--- ABOUT THIS TASK ---
Look through the records below for the line with "list \<Rightarrow> ('r::comm_ring_1)". Return that line and each one after it up to and including the line with "int \<Rightarrow> ('r::comm_ring_1) fa set \<Rightarrow>", exactly.

--- SOURCE INFORMATION ---
(* For $2\le n\le l\le\infty$, the quotient morphism of dg algebras $\Phi_{l,n}\colon\mathcal C_l\to\mathcal C_n$ is a quasi-isomorphism, i.e. it induces an isomorphism on cohomology with respect to $\delta_0$ in every bidegree.
   Context: $R$ is a commutative unital ring. $\mathcal C_\infty=R\langle d_1,d_2,\dots\rangle$ is the free bigraded associative unital $R$-algebra on generators $d_i$ ($i\ge1$) of bidegree $(-i,1-i)$. For $k\ge1$ let $S_k=\sum_{i+j=k,\ i,j\ge1}(-1)^{i+1}d_id_j$ (so $S_1=0$). $\delta_0$ is the unique derivation of bidegree $(0,1)$ with $\delta_0(d_i)=S_i$ for all $i\ge1$, satisfying the graded Leibniz rule $\delta_0(xy)=\delta_0(x)y+(-1)^{x_2}x\delta_0(y)$ for $x$ of bidegree $(x_1,x_2)$; it satisfies $\delta_0^2=0$. For $n\ge1$, $I_n$ is the two-sided ideal generated by $S_k$ and $d_k$ for all $k\ge n$ (it is $\delta_0$-stable), $I_\infty=0$, and $\mathcal C_n=(\mathcal C_\infty/I_n,\delta_0)$. For $1\le n\le l\le\infty$, $I_l\subseteq I_n$ and $\Phi_{l,n}\colon\mathcal C_l\to\mathcal C_n$ is the induced surjection. *)

theory Defs
  imports Main "HOL-Library.Extended_Nat"
begin

text \<open>Elements of the free algebra C_infinity = R<d_1,d_2,...> are represented as
  coefficient functions on words; a word is a list of generator indices
  (the list [i1,...,ik] stands for the monomial d_i1 ... d_ik).\<close>

type_synonym 'r fa = "nat list \<Rightarrow> 'r"

definition Cinf :: "('r::comm_ring_1) fa set" where
  "Cinf = {x. finite {w. x w \<noteq> 0} \<and> (\<forall>w. x w \<noteq> 0 \<longrightarrow> 0 \<notin> set w)}"

definition fzero :: "('r::comm_ring_1) fa" where
  "fzero = (\<lambda>_. 0)"

definition fadd :: "('r::comm_ring_1) fa \<Rightarrow> 'r fa \<Rightarrow> 'r fa" where
  "fadd x y = (\<lambda>w. x w + y w)"

definition fdiff :: "('r::comm_ring_1) fa \<Rightarrow> 'r fa \<Rightarrow> 'r fa" where
  "fdiff x y = (\<lambda>w. x w - y w)"

definition fmult :: "('r::comm_ring_1) fa \<Rightarrow> 'r fa \<Rightarrow> 'r fa" where
  "fmult x y = (\<lambda>w. \<Sum>k\<le>length w. x (take k w) * y (drop k w))"

text \<open>Bidegree of a monomial: d_i has bidegree (-i, 1-i).\<close>
definition bideg :: "nat list \<Rightarrow> int \<times> int" where
  "bideg w = (- int (sum_list w), int (length w) - int (sum_list w))"

definition hom :: "int \<Rightarrow> int \<Rightarrow> ('r::comm_ring_1) fa set" where
  "hom p q = {x \<in> Cinf. \<forall>w. x w \<noteq> 0 \<longrightarrow> bideg w = (p, q)}"

definition dgen :: "nat \<Rightarrow> ('r::comm_ring_1) fa" where
  "dgen k = (\<lambda>w. if w = [k] then 1 else 0)"

definition Sel :: "nat \<Rightarrow> ('r::comm_ring_1) fa" where
  "Sel k = (\<lambda>w. \<Sum>i\<in>{1..<k}. if w = [i, k - i] then (-1) ^ (i + 1) else 0)"

text \<open>delta_0 applied to a monomial u = d_{u!0} ... d_{u!(m-1)}, via the graded Leibniz rule:
  delta_0(u) = sum_j (-1)^(second degree of the prefix) prefix * S_{u!j} * suffix,
  where the second degree of d_i is 1 - i (same parity as 1 + i).\<close>
definition delta_word :: "nat list \<Rightarrow> ('r::comm_ring_1) fa" where
  "delta_word u = (\<lambda>w. \<Sum>j<length u. \<Sum>a\<in>{1..<u!j}.
      if w = take j u @ [a, u!j - a] @ drop (Suc j) u
      then (-1) ^ (\<Sum>m<j. Suc (u!m)) * (-1) ^ (a + 1) else 0)"

definition delta0 :: "('r::comm_ring_1) fa \<Rightarrow> 'r fa" where
  "delta0 x = (\<lambda>w. \<Sum>u\<in>{u. x u \<noteq> 0}. x u * delta_word u w)"

inductive_set ideal_of :: "('r::comm_ring_1) fa set \<Rightarrow> 'r fa set" for G where
  ideal_zero: "fzero \<in> ideal_of G"
| ideal_gen: "g \<in> G \<Longrightarrow> g \<in> ideal_of G"
| ideal_add: "x \<in> ideal_of G \<Longrightarrow> y \<in> ideal_of G \<Longrightarrow> fadd x y \<in> ideal_of G"
| ideal_lmult: "x \<in> ideal_of G \<Longrightarrow> a \<in> Cinf \<Longrightarrow> fmult a x \<in> ideal_of G"
| ideal_rmult: "x \<in> ideal_of G \<Longrightarrow> a \<in> Cinf \<Longrightarrow> fmult x a \<in> ideal_of G"

definition Iset :: "enat \<Rightarrow> ('r::comm_ring_1) fa set" where
  "Iset n = (if n = \<infinity> then {fzero}
     else ideal_of ({Sel k | k. the_enat n \<le> k} \<union> {dgen k | k. the_enat n \<le> k}))"

text \<open>Cohomology of C_n = (C_infinity / I_n, delta_0) in bidegree (p,q); classes of
  C_n are represented by elements of C_infinity (I_n is homogeneous).\<close>
definition Zc :: "enat \<Rightarrow> int \<Rightarrow> int \<Rightarrow> ('r::comm_ring_1) fa set" where
  "Zc n p q = {x \<in> hom p q. delta0 x \<in> Iset n}"

definition cohom_rel :: "enat \<Rightarrow> int \<Rightarrow> int \<Rightarrow> (('r::comm_ring_1) fa \<times> 'r fa) set" where
  "cohom_rel n p q = {(x, y). x \<in> Zc n p q \<and> y \<in> Zc n p q \<and>
      (\<exists>u \<in> hom p (q - 1). fdiff (fdiff x y) (delta0 u) \<in> Iset n)}"

definition Hcoh :: "enat \<Rightarrow> int \<Rightarrow> int \<Rightarrow> ('r::comm_ring_1) fa set set" where
  "Hcoh n p q = Zc n p q // cohom_rel n p q"

text \<open>Map on cohomology induced by Phi_{l,n}: the class [x]_l goes to [x]_n.\<close>
definition Hmap :: "enat \<Rightarrow> int \<Rightarrow> int \<Rightarrow> ('r::comm_ring_1) fa set \<Rightarrow> 'r fa set" where
  "Hmap n p q c = cohom_rel n p q `` c"

end

theory Submission
  imports Defs
begin

text \<open>
  Let h send the monomial d_1 d_(c-1) v to d_c v (c \<ge> 2) and every monomial not starting with
  d_1 d_j to 0, and let \<pi> keep only the coefficients of 1 and d_1. Then \<delta>h + h\<delta> = id - \<pi>
  on C_\<infinity>. For n \<ge> 2 the ideal I_n is h-stable and its elements, like those of im \<delta>, have
  vanishing coefficients at 1 and d_1. Hence in every C_n with n \<ge> 2 a cocycle x is cohomologous
  to \<pi>(x), and two cocycles are cohomologous iff their images under \<pi> agree; so all these
  cohomologies are identified with the same space of \<delta>-closed elements \<pi>(x), compatibly
  with \<Phi>_(l,n).
\<close>

text \<open>delta_rec y w is the coefficient of w in \<delta>_0 y, computed from the first letters of w:
  either d_c d_b stems from S_(c+b), or d_c is passed over with the Koszul sign (-1)^(c+1).\<close>
fun delta_rec :: "('r::comm_ring_1) fa \<Rightarrow> nat list \<Rightarrow> 'r" where
  "delta_rec y [] = 0"
| "delta_rec y [c] = 0"
| "delta_rec y (c # b # t) = (if 1 \<le> c \<and> 1 \<le> b then (-1)^(c+1) * y ((c+b) # t) else 0)
     + (-1)^(Suc c) * delta_rec (\<lambda>u. y (c # u)) (b # t)"

lemma delta_rec_add: "delta_rec (\<lambda>w. f w + g w) v = delta_rec f v + delta_rec g v"
proof (induction v arbitrary: f g)
  case Nil then show ?case by simp
next
  case (Cons c w) then show ?case by (cases w) (auto simp: algebra_simps)
qed

lemma delta_rec_scale: "delta_rec (\<lambda>w. a * f w) v = a * delta_rec f v"
proof (induction v arbitrary: f)
  case Nil then show ?case by simp
next
  case (Cons c w) then show ?case by (cases w) (auto simp: algebra_simps)
qed

lemma delta_rec_zero: "delta_rec (\<lambda>w. 0) v = 0"
  using delta_rec_scale[of 0 "\<lambda>w. 0" v] by simp

lemma delta_rec_sum: "delta_rec (\<lambda>w. \<Sum>u\<in>S. g u w) v = (\<Sum>u\<in>S. delta_rec (g u) v)"
proof (induction v arbitrary: g)
  case Nil then show ?case by simp
next
  case (Cons c w) then show ?case
    by (cases w) (auto simp: algebra_simps sum_distrib_left sum.distrib sum_subtractf sum_negf)
qed

lemma delta_word_Nil: "delta_word [] w = 0"
  unfolding delta_word_def by simp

--- TASK RESULT ---
definition delta_word :: "nat list \<Rightarrow> ('r::comm_ring_1) fa" where
  "delta_word u = (\<lambda>w. \<Sum>j<length u. \<Sum>a\<in>{1..<u!j}.
      if w = take j u @ [a, u!j - a] @ drop (Suc j) u
      then (-1) ^ (\<Sum>m<j. Suc (u!m)) * (-1) ^ (a + 1) else 0)"

definition delta0 :: "('r::comm_ring_1) fa \<Rightarrow> 'r fa" where
  "delta0 x = (\<lambda>w. \<Sum>u\<in>{u. x u \<noteq> 0}. x u * delta_word u w)"

inductive_set ideal_of :: "('r::comm_ring_1) fa set \<Rightarrow> 'r fa set" for G where
  ideal_zero: "fzero \<in> ideal_of G"
| ideal_gen: "g \<in> G \<Longrightarrow> g \<in> ideal_of G"
| ideal_add: "x \<in> ideal_of G \<Longrightarrow> y \<in> ideal_of G \<Longrightarrow> fadd x y \<in> ideal_of G"
| ideal_lmult: "x \<in> ideal_of G \<Longrightarrow> a \<in> Cinf \<Longrightarrow> fmult a x \<in> ideal_of G"
| ideal_rmult: "x \<in> ideal_of G \<Longrightarrow> a \<in> Cinf \<Longrightarrow> fmult x a \<in> ideal_of G"

definition Iset :: "enat \<Rightarrow> ('r::comm_ring_1) fa set" where
  "Iset n = (if n = \<infinity> then {fzero}
     else ideal_of ({Sel k | k. the_enat n \<le> k} \<union> {dgen k | k. the_enat n \<le> k}))"

text \<open>Cohomology of C_n = (C_infinity / I_n, delta_0) in bidegree (p,q); classes of
  C_n are represented by elements of C_infinity (I_n is homogeneous).\<close>
definition Zc :: "enat \<Rightarrow> int \<Rightarrow> int \<Rightarrow> ('r::comm_ring_1) fa set" where
  "Zc n p q = {x \<in> hom p q. delta0 x \<in> Iset n}"

definition cohom_rel :: "enat \<Rightarrow> int \<Rightarrow> int \<Rightarrow> (('r::comm_ring_1) fa \<times> 'r fa) set" where
  "cohom_rel n p q = {(x, y). x \<in> Zc n p q \<and> y \<in> Zc n p q \<and>
      (\<exists>u \<in> hom p (q - 1). fdiff (fdiff x y) (delta0 u) \<in> Iset n)}"

definition Hcoh :: "enat \<Rightarrow> int \<Rightarrow> int \<Rightarrow> ('r::comm_ring_1) fa set set" where
  "Hcoh n p q = Zc n p q // cohom_rel n p q"

text \<open>Map on cohomology induced by Phi_{l,n}: the class [x]_l goes to [x]_n.\<close>
definition Hmap :: "enat \<Rightarrow> int \<Rightarrow> int \<Rightarrow> ('r::comm_ring_1) fa set \<Rightarrow> 'r fa set" where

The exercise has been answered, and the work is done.